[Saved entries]
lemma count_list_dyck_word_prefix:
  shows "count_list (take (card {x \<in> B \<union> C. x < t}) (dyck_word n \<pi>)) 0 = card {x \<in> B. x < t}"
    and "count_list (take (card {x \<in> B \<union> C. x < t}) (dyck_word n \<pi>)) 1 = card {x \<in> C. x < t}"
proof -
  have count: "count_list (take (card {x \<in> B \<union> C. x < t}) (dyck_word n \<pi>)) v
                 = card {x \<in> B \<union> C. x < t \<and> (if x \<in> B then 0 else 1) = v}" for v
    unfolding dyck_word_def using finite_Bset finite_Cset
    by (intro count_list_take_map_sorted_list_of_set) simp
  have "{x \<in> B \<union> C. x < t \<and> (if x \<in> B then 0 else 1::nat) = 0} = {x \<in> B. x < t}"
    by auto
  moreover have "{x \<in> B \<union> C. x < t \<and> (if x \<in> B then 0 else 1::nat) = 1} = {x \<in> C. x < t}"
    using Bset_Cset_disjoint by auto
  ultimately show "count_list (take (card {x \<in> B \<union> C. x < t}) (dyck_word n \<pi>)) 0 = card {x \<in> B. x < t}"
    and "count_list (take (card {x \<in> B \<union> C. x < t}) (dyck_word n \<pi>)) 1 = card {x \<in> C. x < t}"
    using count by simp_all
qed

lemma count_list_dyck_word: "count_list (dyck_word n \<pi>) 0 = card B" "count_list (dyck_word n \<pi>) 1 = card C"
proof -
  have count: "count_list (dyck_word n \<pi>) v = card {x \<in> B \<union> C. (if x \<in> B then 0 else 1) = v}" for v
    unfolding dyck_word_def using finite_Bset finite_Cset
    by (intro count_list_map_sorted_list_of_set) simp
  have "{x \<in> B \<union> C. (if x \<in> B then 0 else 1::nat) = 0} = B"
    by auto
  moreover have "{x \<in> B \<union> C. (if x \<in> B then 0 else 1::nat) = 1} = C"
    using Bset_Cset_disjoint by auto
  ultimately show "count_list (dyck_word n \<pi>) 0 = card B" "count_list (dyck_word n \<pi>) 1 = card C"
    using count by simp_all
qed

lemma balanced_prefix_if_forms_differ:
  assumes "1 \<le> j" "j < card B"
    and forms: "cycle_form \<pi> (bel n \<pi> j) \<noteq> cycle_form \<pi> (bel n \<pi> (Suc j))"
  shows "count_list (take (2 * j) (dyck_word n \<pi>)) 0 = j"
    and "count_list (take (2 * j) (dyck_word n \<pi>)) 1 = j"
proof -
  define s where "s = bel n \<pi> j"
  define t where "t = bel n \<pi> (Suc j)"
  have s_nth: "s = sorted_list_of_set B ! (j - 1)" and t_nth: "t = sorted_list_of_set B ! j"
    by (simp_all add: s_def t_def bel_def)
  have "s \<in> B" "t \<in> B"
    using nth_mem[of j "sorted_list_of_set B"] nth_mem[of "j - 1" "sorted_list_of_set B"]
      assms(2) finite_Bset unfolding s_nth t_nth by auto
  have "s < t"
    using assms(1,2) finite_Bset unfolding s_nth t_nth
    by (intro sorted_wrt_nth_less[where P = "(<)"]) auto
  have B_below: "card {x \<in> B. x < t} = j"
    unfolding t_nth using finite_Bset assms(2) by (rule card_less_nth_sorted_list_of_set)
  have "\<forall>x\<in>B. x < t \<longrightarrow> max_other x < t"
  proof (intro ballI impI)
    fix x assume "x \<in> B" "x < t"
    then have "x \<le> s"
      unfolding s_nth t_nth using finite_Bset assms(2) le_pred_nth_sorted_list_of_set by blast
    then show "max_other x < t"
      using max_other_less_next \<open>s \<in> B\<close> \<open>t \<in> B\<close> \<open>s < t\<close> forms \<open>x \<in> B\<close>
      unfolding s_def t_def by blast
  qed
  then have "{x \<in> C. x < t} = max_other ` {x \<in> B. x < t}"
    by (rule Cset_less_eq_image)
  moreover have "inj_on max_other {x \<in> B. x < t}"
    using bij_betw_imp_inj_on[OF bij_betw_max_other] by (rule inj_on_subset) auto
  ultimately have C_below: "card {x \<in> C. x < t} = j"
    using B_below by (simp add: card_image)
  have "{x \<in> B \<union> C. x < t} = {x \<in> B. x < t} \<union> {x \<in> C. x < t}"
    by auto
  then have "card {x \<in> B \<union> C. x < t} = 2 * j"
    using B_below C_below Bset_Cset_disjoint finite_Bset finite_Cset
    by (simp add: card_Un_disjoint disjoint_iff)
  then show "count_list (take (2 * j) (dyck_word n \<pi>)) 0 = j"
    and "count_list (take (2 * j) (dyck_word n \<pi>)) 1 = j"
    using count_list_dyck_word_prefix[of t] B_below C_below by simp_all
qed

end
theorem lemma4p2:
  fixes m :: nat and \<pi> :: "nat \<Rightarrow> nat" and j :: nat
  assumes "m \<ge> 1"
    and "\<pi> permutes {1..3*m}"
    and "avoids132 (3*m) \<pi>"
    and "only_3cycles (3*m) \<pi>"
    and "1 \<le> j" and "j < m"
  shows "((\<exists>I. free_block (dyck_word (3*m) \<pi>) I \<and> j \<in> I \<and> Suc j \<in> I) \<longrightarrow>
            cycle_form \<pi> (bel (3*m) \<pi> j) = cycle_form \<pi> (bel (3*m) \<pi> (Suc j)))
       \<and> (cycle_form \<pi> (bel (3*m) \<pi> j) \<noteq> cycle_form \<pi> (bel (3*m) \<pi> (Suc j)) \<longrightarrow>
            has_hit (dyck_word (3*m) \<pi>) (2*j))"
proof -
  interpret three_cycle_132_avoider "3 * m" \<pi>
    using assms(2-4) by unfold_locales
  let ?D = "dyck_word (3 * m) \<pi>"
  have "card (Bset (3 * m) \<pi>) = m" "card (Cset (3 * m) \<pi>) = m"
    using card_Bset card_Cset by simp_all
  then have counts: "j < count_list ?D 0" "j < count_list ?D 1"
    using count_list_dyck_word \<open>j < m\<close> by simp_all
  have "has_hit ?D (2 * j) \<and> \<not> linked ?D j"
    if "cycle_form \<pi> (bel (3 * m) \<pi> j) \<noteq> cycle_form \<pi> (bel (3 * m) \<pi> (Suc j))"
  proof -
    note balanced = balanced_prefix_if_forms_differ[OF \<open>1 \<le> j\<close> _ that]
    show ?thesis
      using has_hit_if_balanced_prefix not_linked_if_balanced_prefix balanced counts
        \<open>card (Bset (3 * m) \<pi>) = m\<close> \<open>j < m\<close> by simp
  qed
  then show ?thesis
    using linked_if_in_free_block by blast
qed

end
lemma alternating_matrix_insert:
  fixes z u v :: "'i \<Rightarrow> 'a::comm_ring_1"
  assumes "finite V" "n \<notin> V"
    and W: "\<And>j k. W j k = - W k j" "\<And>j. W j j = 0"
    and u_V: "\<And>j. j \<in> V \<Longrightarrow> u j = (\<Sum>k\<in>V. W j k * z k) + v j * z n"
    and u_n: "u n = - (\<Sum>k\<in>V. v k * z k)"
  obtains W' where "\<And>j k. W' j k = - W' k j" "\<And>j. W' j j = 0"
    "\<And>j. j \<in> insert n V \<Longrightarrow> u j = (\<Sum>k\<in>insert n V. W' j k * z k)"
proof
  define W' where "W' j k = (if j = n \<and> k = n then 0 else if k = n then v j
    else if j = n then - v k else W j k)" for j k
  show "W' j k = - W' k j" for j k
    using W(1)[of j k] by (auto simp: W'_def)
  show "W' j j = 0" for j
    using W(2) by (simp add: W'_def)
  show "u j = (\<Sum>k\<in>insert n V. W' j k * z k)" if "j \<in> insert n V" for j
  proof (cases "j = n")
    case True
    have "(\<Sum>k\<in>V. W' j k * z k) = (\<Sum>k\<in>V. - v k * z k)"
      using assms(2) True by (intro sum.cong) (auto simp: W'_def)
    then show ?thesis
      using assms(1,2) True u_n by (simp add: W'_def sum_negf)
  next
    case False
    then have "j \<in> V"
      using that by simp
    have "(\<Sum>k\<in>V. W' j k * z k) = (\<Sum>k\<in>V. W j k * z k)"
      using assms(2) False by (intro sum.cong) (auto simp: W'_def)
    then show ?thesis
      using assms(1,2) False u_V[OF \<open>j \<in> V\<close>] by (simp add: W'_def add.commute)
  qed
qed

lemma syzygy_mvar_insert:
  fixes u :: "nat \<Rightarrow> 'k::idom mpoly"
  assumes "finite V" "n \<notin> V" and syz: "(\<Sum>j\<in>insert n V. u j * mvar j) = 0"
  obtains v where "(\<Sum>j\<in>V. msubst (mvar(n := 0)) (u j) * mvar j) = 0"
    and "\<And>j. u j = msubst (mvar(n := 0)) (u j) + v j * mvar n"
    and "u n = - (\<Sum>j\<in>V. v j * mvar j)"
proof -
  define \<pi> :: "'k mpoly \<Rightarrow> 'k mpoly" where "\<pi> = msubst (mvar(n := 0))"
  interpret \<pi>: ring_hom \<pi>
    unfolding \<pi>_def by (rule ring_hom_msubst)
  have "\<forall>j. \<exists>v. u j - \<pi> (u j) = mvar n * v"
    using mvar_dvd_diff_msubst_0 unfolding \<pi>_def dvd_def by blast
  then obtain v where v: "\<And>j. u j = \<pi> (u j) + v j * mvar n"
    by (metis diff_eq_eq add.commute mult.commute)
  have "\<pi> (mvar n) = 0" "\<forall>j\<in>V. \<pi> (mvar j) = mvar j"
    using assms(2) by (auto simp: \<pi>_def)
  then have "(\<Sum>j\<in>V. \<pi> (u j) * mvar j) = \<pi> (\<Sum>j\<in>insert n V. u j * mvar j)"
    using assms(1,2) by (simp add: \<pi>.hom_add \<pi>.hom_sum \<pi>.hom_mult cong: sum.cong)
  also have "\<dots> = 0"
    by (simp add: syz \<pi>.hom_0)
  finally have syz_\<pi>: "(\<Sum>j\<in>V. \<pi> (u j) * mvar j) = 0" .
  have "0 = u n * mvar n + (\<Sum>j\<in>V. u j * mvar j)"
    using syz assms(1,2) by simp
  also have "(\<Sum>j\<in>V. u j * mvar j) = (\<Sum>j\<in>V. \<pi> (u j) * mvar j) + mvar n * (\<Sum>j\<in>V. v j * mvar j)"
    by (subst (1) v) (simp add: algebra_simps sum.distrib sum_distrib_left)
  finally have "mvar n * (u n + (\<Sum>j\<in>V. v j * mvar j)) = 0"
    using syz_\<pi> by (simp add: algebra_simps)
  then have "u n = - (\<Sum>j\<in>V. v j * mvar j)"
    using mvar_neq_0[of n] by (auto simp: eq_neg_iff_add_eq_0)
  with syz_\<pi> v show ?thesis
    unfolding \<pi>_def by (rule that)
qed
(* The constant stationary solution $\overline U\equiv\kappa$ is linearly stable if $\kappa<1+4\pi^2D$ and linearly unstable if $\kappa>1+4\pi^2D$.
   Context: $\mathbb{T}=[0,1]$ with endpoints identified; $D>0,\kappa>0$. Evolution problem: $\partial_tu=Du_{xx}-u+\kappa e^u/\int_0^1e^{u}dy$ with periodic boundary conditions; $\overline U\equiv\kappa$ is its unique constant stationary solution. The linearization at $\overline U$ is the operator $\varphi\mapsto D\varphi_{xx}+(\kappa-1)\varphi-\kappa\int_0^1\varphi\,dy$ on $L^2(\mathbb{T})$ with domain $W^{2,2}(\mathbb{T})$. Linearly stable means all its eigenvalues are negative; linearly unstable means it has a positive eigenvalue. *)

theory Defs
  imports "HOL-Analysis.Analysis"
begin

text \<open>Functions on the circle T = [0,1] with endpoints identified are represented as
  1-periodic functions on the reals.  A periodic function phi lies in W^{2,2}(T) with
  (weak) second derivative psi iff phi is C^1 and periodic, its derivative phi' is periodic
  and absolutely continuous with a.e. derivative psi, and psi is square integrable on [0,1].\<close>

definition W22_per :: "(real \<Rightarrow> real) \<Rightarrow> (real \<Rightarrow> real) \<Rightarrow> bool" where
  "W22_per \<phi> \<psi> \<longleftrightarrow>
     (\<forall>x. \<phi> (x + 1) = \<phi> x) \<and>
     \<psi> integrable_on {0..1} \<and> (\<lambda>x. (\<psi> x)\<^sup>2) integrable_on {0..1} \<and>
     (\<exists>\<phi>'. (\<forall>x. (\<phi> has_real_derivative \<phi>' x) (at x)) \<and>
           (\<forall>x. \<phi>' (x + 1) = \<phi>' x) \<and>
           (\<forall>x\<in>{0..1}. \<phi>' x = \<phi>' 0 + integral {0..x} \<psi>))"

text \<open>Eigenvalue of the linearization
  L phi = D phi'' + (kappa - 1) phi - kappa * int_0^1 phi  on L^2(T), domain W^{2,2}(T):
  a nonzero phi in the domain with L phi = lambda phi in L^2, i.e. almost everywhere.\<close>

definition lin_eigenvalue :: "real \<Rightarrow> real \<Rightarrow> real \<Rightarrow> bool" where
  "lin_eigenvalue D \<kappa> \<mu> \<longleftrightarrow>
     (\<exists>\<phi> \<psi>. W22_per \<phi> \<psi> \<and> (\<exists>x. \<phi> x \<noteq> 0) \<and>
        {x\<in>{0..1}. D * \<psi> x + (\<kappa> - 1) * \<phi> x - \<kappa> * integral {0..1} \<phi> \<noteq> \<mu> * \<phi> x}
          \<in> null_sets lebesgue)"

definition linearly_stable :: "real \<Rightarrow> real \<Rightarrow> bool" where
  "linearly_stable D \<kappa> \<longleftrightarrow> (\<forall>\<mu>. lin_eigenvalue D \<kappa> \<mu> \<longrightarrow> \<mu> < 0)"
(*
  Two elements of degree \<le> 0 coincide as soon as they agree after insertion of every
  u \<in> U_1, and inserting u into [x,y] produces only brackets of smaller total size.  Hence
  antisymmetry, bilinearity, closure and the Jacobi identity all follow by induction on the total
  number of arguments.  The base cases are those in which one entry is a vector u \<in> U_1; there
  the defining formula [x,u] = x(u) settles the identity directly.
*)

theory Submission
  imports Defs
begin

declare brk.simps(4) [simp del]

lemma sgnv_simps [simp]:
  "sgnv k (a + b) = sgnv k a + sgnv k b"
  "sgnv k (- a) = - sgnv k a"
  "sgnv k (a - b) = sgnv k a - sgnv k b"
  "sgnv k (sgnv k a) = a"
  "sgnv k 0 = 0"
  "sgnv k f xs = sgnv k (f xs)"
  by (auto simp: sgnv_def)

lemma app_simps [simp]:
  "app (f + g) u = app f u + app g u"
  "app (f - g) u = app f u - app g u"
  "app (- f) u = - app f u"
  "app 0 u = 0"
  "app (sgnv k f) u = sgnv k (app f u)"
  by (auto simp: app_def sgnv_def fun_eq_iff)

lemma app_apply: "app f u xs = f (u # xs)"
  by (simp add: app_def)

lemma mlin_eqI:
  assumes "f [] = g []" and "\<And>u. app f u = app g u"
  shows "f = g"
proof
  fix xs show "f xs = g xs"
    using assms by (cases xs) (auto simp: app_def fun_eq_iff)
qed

WHAT THIS TASK INVOLVES:
Note every line above where the string "moreover" shows up, and copy those lines.

RESPONSE TO THIS TASK:
  moreover have "{x \<in> B \<union> C. x < t \<and> (if x \<in> B then 0 else 1::nat) = 1} = {x \<in> C. x < t}"
  moreover have "{x \<in> B \<union> C. (if x \<in> B then 0 else 1::nat) = 1} = C"
  moreover have "inj_on max_other {x \<in> B. x < t}"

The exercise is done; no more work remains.